→ **What is needed**
Where the records below have a line with "fixes", that line is to be copied.

→ **Data for review**
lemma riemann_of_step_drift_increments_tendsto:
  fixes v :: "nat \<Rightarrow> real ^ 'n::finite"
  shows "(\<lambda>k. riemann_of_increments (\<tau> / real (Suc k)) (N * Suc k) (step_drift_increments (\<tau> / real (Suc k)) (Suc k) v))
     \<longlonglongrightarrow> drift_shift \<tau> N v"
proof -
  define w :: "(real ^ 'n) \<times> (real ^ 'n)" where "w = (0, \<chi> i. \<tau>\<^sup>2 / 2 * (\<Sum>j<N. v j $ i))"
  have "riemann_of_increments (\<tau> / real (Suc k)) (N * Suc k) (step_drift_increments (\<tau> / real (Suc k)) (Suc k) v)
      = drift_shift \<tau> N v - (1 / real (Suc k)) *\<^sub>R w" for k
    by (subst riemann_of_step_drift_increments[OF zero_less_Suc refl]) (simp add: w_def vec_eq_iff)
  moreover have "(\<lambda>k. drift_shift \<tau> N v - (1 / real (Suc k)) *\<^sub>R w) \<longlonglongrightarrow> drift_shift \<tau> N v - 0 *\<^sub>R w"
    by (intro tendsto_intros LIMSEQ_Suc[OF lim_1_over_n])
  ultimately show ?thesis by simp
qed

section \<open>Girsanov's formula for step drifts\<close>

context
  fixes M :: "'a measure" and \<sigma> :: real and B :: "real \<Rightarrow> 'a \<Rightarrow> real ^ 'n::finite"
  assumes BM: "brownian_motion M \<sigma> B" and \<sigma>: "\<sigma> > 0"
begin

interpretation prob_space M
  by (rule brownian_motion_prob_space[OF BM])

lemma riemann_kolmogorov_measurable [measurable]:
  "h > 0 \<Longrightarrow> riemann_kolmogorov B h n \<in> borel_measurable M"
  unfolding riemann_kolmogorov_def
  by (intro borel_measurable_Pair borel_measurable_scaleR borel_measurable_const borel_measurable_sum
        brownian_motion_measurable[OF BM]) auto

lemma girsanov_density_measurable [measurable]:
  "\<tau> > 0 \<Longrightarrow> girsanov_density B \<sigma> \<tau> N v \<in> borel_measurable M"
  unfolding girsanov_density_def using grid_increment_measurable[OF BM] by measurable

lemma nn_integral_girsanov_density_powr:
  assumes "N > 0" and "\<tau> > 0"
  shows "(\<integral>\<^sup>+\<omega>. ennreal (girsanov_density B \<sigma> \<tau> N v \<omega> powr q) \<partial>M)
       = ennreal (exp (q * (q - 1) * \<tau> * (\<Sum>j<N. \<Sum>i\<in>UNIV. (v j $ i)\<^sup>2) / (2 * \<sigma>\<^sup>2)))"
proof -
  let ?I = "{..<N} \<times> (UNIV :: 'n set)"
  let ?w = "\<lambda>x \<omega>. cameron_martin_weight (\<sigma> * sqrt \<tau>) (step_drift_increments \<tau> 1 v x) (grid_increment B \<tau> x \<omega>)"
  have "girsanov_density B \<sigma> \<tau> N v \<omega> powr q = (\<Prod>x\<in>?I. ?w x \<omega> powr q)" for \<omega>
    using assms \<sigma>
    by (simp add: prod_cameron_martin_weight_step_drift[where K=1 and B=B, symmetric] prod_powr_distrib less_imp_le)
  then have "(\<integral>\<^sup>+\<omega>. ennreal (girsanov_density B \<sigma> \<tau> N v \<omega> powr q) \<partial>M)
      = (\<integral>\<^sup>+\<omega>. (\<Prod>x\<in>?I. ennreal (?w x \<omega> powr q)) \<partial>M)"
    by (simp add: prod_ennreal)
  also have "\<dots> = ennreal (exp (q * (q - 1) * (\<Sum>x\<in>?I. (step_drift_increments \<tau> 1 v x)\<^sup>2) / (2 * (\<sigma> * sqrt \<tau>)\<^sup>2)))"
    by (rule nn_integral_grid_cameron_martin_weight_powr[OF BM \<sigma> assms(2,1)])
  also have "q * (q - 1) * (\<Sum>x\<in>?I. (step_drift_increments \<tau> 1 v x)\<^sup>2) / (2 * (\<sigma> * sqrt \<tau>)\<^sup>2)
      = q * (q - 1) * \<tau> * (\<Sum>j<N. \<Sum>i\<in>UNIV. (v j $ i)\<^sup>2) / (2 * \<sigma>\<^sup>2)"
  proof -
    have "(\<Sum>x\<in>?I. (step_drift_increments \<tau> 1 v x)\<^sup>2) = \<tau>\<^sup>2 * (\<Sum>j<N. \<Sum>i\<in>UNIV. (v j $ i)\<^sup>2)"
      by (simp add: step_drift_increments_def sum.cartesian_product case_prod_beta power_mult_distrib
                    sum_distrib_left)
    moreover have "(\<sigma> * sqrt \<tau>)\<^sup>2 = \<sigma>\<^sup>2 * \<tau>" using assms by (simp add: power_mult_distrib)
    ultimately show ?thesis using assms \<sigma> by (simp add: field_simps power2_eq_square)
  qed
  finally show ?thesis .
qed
--
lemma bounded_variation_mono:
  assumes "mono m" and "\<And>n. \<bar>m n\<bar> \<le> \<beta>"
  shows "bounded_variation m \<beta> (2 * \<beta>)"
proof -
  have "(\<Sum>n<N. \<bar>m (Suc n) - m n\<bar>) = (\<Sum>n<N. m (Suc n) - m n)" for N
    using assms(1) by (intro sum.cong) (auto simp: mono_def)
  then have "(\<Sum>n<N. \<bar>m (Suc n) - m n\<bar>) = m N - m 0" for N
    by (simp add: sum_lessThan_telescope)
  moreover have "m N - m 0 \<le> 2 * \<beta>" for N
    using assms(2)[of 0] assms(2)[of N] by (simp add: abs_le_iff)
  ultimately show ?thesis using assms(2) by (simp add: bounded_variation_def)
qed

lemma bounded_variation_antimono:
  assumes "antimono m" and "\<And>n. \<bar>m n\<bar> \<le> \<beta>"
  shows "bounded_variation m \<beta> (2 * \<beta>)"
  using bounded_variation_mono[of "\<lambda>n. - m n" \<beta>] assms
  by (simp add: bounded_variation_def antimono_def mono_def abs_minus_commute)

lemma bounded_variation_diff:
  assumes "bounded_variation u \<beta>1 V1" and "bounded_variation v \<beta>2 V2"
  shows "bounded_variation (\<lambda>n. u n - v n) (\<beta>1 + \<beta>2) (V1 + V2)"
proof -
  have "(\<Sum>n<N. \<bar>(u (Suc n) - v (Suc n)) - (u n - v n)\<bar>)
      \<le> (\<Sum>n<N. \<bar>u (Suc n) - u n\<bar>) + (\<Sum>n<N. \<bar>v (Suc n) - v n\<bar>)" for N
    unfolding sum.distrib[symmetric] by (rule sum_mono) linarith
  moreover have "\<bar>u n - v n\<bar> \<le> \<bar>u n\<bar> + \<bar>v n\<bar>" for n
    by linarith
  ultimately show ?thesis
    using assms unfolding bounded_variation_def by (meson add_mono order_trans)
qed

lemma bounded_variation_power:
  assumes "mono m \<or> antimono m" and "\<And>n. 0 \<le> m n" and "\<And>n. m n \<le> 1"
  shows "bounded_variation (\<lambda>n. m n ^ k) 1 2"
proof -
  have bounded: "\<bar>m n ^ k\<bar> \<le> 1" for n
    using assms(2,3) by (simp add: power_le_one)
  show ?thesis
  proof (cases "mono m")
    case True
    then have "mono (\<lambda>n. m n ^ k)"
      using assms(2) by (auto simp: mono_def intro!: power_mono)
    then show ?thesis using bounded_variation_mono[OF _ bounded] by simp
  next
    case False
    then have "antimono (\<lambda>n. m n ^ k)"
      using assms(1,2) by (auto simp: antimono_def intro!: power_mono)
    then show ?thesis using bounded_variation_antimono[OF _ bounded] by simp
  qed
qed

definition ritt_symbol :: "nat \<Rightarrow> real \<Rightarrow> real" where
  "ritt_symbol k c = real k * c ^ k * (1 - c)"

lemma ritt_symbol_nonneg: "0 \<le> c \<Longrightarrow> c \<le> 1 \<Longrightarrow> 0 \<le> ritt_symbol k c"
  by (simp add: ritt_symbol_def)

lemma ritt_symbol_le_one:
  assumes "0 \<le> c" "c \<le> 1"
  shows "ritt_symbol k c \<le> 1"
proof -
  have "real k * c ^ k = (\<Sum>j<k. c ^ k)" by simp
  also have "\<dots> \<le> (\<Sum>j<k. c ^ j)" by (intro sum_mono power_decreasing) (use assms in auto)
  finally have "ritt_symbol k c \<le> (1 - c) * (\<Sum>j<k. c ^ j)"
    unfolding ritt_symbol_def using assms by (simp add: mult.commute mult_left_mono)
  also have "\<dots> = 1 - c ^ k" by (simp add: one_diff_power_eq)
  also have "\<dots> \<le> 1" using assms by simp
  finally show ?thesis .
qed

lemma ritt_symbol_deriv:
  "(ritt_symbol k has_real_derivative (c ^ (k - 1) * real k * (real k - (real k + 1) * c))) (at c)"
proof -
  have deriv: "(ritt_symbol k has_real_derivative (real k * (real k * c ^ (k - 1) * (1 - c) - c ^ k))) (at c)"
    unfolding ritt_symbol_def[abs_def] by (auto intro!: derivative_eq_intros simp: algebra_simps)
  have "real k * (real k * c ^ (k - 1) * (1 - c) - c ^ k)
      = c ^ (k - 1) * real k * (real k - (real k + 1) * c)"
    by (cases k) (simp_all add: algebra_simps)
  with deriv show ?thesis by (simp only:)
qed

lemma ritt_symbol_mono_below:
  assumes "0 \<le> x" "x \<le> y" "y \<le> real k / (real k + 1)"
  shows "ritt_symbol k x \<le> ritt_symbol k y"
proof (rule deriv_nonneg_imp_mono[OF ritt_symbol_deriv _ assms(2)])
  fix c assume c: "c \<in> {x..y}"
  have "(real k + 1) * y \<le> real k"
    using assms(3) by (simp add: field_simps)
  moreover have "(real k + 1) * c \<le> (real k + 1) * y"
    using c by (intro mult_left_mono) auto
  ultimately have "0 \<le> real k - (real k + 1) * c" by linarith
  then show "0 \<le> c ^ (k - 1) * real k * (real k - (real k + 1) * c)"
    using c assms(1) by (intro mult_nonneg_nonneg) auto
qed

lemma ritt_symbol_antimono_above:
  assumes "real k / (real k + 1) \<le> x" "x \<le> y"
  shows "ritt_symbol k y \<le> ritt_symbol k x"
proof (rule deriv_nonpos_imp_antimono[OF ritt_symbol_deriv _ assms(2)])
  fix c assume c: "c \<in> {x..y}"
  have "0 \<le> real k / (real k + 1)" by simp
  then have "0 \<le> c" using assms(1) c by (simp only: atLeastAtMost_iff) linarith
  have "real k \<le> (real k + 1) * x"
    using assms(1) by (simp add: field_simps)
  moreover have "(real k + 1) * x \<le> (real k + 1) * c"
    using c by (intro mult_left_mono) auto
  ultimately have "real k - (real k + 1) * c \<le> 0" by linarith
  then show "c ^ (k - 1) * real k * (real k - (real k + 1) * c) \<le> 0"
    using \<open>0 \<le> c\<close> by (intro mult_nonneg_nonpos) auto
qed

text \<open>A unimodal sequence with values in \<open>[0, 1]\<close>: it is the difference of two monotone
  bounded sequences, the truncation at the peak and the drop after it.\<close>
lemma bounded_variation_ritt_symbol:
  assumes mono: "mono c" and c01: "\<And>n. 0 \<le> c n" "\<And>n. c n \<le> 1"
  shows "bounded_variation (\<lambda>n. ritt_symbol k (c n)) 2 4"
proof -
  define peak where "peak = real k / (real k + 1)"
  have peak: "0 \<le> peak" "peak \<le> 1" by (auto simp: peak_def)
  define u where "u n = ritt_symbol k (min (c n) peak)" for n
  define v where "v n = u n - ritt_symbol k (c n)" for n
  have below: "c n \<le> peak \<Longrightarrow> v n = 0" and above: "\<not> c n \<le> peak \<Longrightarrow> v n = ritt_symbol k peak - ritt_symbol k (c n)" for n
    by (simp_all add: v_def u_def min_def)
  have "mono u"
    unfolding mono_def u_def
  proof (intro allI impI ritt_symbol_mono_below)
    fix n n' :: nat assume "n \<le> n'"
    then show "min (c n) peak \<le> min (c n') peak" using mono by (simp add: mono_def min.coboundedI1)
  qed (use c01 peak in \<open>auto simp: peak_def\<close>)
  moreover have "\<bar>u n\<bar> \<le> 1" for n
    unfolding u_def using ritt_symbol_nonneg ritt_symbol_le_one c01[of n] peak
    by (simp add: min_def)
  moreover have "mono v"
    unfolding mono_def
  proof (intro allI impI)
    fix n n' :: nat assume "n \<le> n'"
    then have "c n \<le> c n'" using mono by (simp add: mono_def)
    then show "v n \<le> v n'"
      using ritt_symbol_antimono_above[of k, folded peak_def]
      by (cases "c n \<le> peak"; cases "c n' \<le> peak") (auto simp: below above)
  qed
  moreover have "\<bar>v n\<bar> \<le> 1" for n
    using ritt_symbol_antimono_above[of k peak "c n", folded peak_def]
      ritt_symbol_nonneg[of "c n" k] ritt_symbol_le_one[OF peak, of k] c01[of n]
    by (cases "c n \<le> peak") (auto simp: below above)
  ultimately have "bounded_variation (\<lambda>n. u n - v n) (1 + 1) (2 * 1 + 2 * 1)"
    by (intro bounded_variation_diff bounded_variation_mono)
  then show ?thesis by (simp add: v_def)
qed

→ **Answer area**
  fixes v :: "nat \<Rightarrow> real ^ 'n::finite"
  fixes M :: "'a measure" and \<sigma> :: real and B :: "real \<Rightarrow> 'a \<Rightarrow> real ^ 'n::finite"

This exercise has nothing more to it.